Sujuan Guo

Connexin 43 Inhibition Sensitizes Chemoresistant Glioblastoma Cells to Temozolomide.

Resistance of glioblastoma (GBM) to the front-line chemotherapeutic agent temozolomide (TMZ) continues to challenge GBM treatment efforts. The repair of TMZ-induced DNA damage by O-6-methylguanine-DNA methyltransferase (MGMT) confers one mechanism of TMZ resistance. Paradoxically, MGMT-deficient GBM patients survive longer despite still developing resistance to TMZ. Recent studies indicate that the gap junction protein connexin 43 (Cx43) renders GBM cells resistant to TMZ through its carboxyl terminus (CT). In this study, we report insights into how Cx43 promotes TMZ resistance. Cx43 levels were inversely correlated with TMZ sensitivity of GBM cells, including GBM stem cells. Moreover, Cx43 levels inversely correlated with patient survival, including as observed in MGMT-deficient GBM patients. Addition of the C-terminal peptide mimetic αCT1, a selective inhibitor of Cx43 channels, sensitized human MGMT-deficient and TMZ-resistant GBM cells to TMZ treatment. Moreover, combining αCT1 with TMZ-blocked AKT/mTOR signaling, induced autophagy and apoptosis in TMZ-resistant GBM cells. Our findings suggest that Cx43 may offer a biomarker to predict the survival of patients with MGMT-independent TMZ resistance and that combining a Cx43 inhibitor with TMZ could enhance therapeutic responses in GBM, and perhaps other TMZ-resistant cancers.
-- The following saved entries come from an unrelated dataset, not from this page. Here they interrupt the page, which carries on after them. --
(* Let $\mathfrak k$ be a Hilbert–Lie algebra, $\phi$ an automorphism of $\mathfrak k$ of finite order, and $\mathfrak t\subseteq\mathfrak k^\phi$ a maximal abelian subalgebra of the fixed point algebra. Then the centralizer $\mathfrak t_{\mathfrak k}:=\mathfrak z_{\mathfrak k}(\mathfrak t)=\{x\in\mathfrak k:[x,\mathfrak t]=0\}$ is a maximal abelian subalgebra of $\mathfrak k$.
   Context: A Hilbert–Lie algebra is a real Lie algebra with Hilbert space structure such that $\langle[x,y],z\rangle=\langle x,[y,z]\rangle$. Automorphisms are isometric Lie algebra automorphisms; $\mathfrak k^\phi=\{x\in\mathfrak k:\phi(x)=x\}$. *)

theory Defs
  imports "HOL-Analysis.Analysis"
begin

definition hilbert_lie :: "('a::{real_inner,complete_space} \<Rightarrow> 'a \<Rightarrow> 'a) \<Rightarrow> bool" where
  "hilbert_lie br \<longleftrightarrow>
     bilinear br \<and>
     (\<forall>x. br x x = 0) \<and>
     (\<forall>x y z. br x (br y z) + br y (br z x) + br z (br x y) = 0) \<and>
     (\<forall>x y z. inner (br x y) z = inner x (br y z))"

definition hl_automorphism :: "('a::{real_inner,complete_space} \<Rightarrow> 'a \<Rightarrow> 'a) \<Rightarrow> ('a \<Rightarrow> 'a) \<Rightarrow> bool" where
  "hl_automorphism br \<phi> \<longleftrightarrow>
     linear \<phi> \<and> bij \<phi> \<and>
     (\<forall>x y. inner (\<phi> x) (\<phi> y) = inner x y) \<and>
     (\<forall>x y. \<phi> (br x y) = br (\<phi> x) (\<phi> y))"

definition finite_order :: "('a \<Rightarrow> 'a) \<Rightarrow> bool" where
  "finite_order \<phi> \<longleftrightarrow> (\<exists>n::nat. n > 0 \<and> \<phi> ^^ n = id)"

definition fixed_points :: "('a \<Rightarrow> 'a) \<Rightarrow> 'a set" where
  "fixed_points \<phi> = {x. \<phi> x = x}"

definition lie_subalgebra :: "('a::real_vector \<Rightarrow> 'a \<Rightarrow> 'a) \<Rightarrow> 'a set \<Rightarrow> bool" where
  "lie_subalgebra br S \<longleftrightarrow> subspace S \<and> (\<forall>x\<in>S. \<forall>y\<in>S. br x y \<in> S)"

definition abelian_subalgebra :: "('a::real_vector \<Rightarrow> 'a \<Rightarrow> 'a) \<Rightarrow> 'a set \<Rightarrow> bool" where
  "abelian_subalgebra br S \<longleftrightarrow> lie_subalgebra br S \<and> (\<forall>x\<in>S. \<forall>y\<in>S. br x y = 0)"

definition maximal_abelian_in :: "('a::real_vector \<Rightarrow> 'a \<Rightarrow> 'a) \<Rightarrow> 'a set \<Rightarrow> 'a set \<Rightarrow> bool" where
  "maximal_abelian_in br L t \<longleftrightarrow>
     abelian_subalgebra br t \<and> t \<subseteq> L \<and>
     (\<forall>s. abelian_subalgebra br s \<and> t \<subseteq> s \<and> s \<subseteq> L \<longrightarrow> s = t)"

definition centralizer :: "('a::real_vector \<Rightarrow> 'a \<Rightarrow> 'a) \<Rightarrow> 'a set \<Rightarrow> 'a set" where
  "centralizer br t = {x. \<forall>y\<in>t. br x y = 0}"

end

theory Submission
  imports Defs "HOL-Computational_Algebra.Primes"
begin

(* Let z = z_k(t) be the centralizer of t.  Since t is abelian, t \<subseteq> z, and every
   abelian subalgebra containing z centralizes t and hence lies in z; so z is maximal
   abelian as soon as z itself is abelian, which is the real content of the theorem.

   Two properties of z drive the argument: z is phi-invariant, and its phi-fixed
   points lie in t (otherwise t + Rx would be a larger abelian subalgebra of k^phi),
   hence are central in z.  Complexify z to zC = z \<times> z.  As phi^N = id, averaging
   over the powers of phi splits every element of zC into eigenvectors of phi with
   eigenvalues omega^k, omega = exp(2 pi i / N).  For an eigenvector a with unimodular
   eigenvalue, [a, conj a] is phi-fixed, hence central, so ad a is a normal operator
   on zC (its adjoint is -ad (conj a)); for normal operators (ad a)^(m+1) c = 0 forces
   [a, c] = 0.  Given eigenvectors a, b for omega^k and omega^j, choose m, m' with
   k + m' (j + m k) \<equiv> 0 (mod N) (an elementary number-theoretic lemma).  Then
   c = (ad a)^m b has eigenvalue omega^(j+mk) and (ad c)^m' a is phi-fixed, hence
   central; normality of ad c gives [c, a] = 0, i.e. (ad a)^(m+1) b = 0, and
   normality of ad a gives [a, b] = 0.  Thus all eigenvectors commute and z is abelian. *)

(* For coprime j, k a suitable shift j + r k is coprime to N: take r the product of
   the primes of N not dividing j. *)
lemma coprime_shift:
  fixes j k N :: nat
  assumes coprime: "coprime j k" and N: "N > 0"
  shows "\<exists>r. coprime (j + r * k) N"
proof -
  define Q where "Q = {p \<in> prime_factors N. \<not> p dvd j}"
  define r where "r = \<Prod>Q"
  have no_common_prime: "\<not> p dvd j + r * k" if p: "prime p" "p dvd N" for p
  proof
    assume p_dvd: "p dvd j + r * k"
    have "finite Q" by (simp add: Q_def)
    then have "p dvd r \<longleftrightarrow> (\<exists>q\<in>Q. p dvd q)"
      unfolding r_def using p(1) by (simp add: prime_dvd_prod_iff)
    also have "\<dots> \<longleftrightarrow> p \<in> Q"
      using p by (auto simp: Q_def in_prime_factors_iff N dest: primes_dvd_imp_eq[OF p(1)])
    finally have p_dvd_r: "p dvd r \<longleftrightarrow> \<not> p dvd j"
      using p N by (simp add: Q_def in_prime_factors_iff)
    show False
    proof (cases "p dvd j")
      case True
      then have "p dvd r * k" using p_dvd by (simp add: dvd_add_right_iff)
      moreover have "\<not> p dvd k" using True coprime p(1)
        by (metis coprime_common_divisor_nat not_prime_1)
      ultimately show False using p_dvd_r True p(1) by (simp add: prime_dvd_mult_iff)
    next
      case False
      then have "p dvd j" using p_dvd p_dvd_r by (simp add: dvd_add_left_iff)
      with False show False ..
    qed
  qed
  have "coprime (j + r * k) N"
  proof (rule ccontr)
    assume "\<not> coprime (j + r * k) N"
    then have "gcd (j + r * k) N \<noteq> 1" by (simp add: coprime_iff_gcd_eq_1)
    then obtain p where "prime p" "p dvd gcd (j + r * k) N" using prime_factor_nat by blast
    then show False using no_common_prime by auto
  qed
  then show ?thesis ..
qed

lemma gcd_shift_dvd:
  fixes j k N :: nat
  assumes N: "N > 0"
  shows "\<exists>m. gcd (j + m * k) N dvd k"
proof (cases "gcd j k = 0")
  case True
  then show ?thesis by simp
next
  case False
  define g where "g = gcd j k"
  obtain j' k' where jk: "j = j' * g" "k = k' * g" "coprime j' k'"
    using gcd_coprime_exists[of j k] False unfolding g_def by blast
  obtain r where r: "coprime (j' + r * k') N" using coprime_shift[OF jk(3) N] ..
  have "gcd (j + r * k) N = gcd (g * (j' + r * k')) N" by (simp add: jk algebra_simps)
  also have "\<dots> = gcd g N"
    by (rule gcd_mult_left_right_cancel) (use r in \<open>simp add: coprime_commute\<close>)
  finally have "gcd (j + r * k) N dvd g" by simp
  then show ?thesis using jk(2) by (metis dvd_mult)
qed

lemma shift_solvable:
  fixes j k N :: nat
  assumes N: "N > 0"
  shows "\<exists>m m'. N dvd k + m' * (j + m * k)"
proof -
  obtain m where "gcd (j + m * k) N dvd k" using gcd_shift_dvd[OF N] ..
  then obtain e where e: "k = gcd (j + m * k) N * e" ..
  show ?thesis
  proof (cases "j + m * k = 0")
    case True
    then show ?thesis using e by auto
  next
    case False
    then obtain x y where xy: "(j + m * k) * x = N * y + gcd (j + m * k) N"
      using bezout_nat by blast
    obtain n where n: "N = Suc n" using N by (cases N) auto
    have "k + (x * e * n) * (j + m * k) = k + n * e * ((j + m * k) * x)"
      by (simp add: algebra_simps)
    also have "\<dots> = N * (k + n * e * y)"
      unfolding xy using e n by (simp add: algebra_simps)
    finally show ?thesis by (metis dvd_triv_left)
  qed
qed

lemma normal_operator_kernel:
  fixes A B :: "'b::real_inner \<Rightarrow> 'b"
  assumes adjoint: "\<And>x y. inner (A x) y = - inner x (B y)"
    and commute: "\<And>d. d \<in> V \<Longrightarrow> A (B d) = B (A d)"
    and invariant: "\<And>d. d \<in> V \<Longrightarrow> A d \<in> V"
  shows "c \<in> V \<Longrightarrow> (A ^^ Suc m) c = 0 \<Longrightarrow> A c = 0"
proof (induction m arbitrary: c)
  case 0
  then show ?case by simp
next
  case (Suc m)
  have B0: "B 0 = 0"
    using adjoint[of "B 0" 0] by simp
  have "(A ^^ Suc m) (A c) = 0"
    using Suc.prems(2) by (simp only: funpow_Suc_right o_def)
  then have AAc: "A (A c) = 0"
    using Suc.IH invariant[OF Suc.prems(1)] by blast
  have "inner (B (A c)) (B (A c)) = - inner (A (B (A c))) (A c)"
    using adjoint[of "B (A c)" "A c"] by (simp add: inner_commute)
  also have "A (B (A c)) = 0"
    using commute[OF invariant[OF Suc.prems(1)]] AAc B0 by simp
  finally have "B (A c) = 0" by simp
  then have "inner (A c) (A c) = 0"
    using adjoint[of c "A c"] by simp
  then show ?case by simp
qed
Real-Time Visualization of Nanoparticles Interacting with Glioblastoma Stem Cells

Nanoparticle-based therapy represents a novel and promising approach to treat glioblastoma, the most common and lethal malignant brain cancer. Although similar therapies have achieved significant cytotoxicity in cultured glioblastoma or glioblastoma stem cells (GSCs), the lack of an appropriate approach to monitor interactions between cells and nanoparticle-based therapies impedes their further clinical application in human patients. To address this critical issue, we first obtained NOTCH1 positive GSCs from patient-derived primary cultures. We then developed a new imaging approach to directly observe the dynamic nature of nanoparticles at the molecular level using in situ transmission electron microscopy (TEM). Utilizing these tools we were able to visualize real-time movements of nanoparticles interacting with GSCs for the first time. Overall, we show strong proof-of-concept results that real-time visualization of nanoparticles in single cells can be achieved at the nanoscale using TEM, thereby providing a powerful platform for the development of nanotherapeutics.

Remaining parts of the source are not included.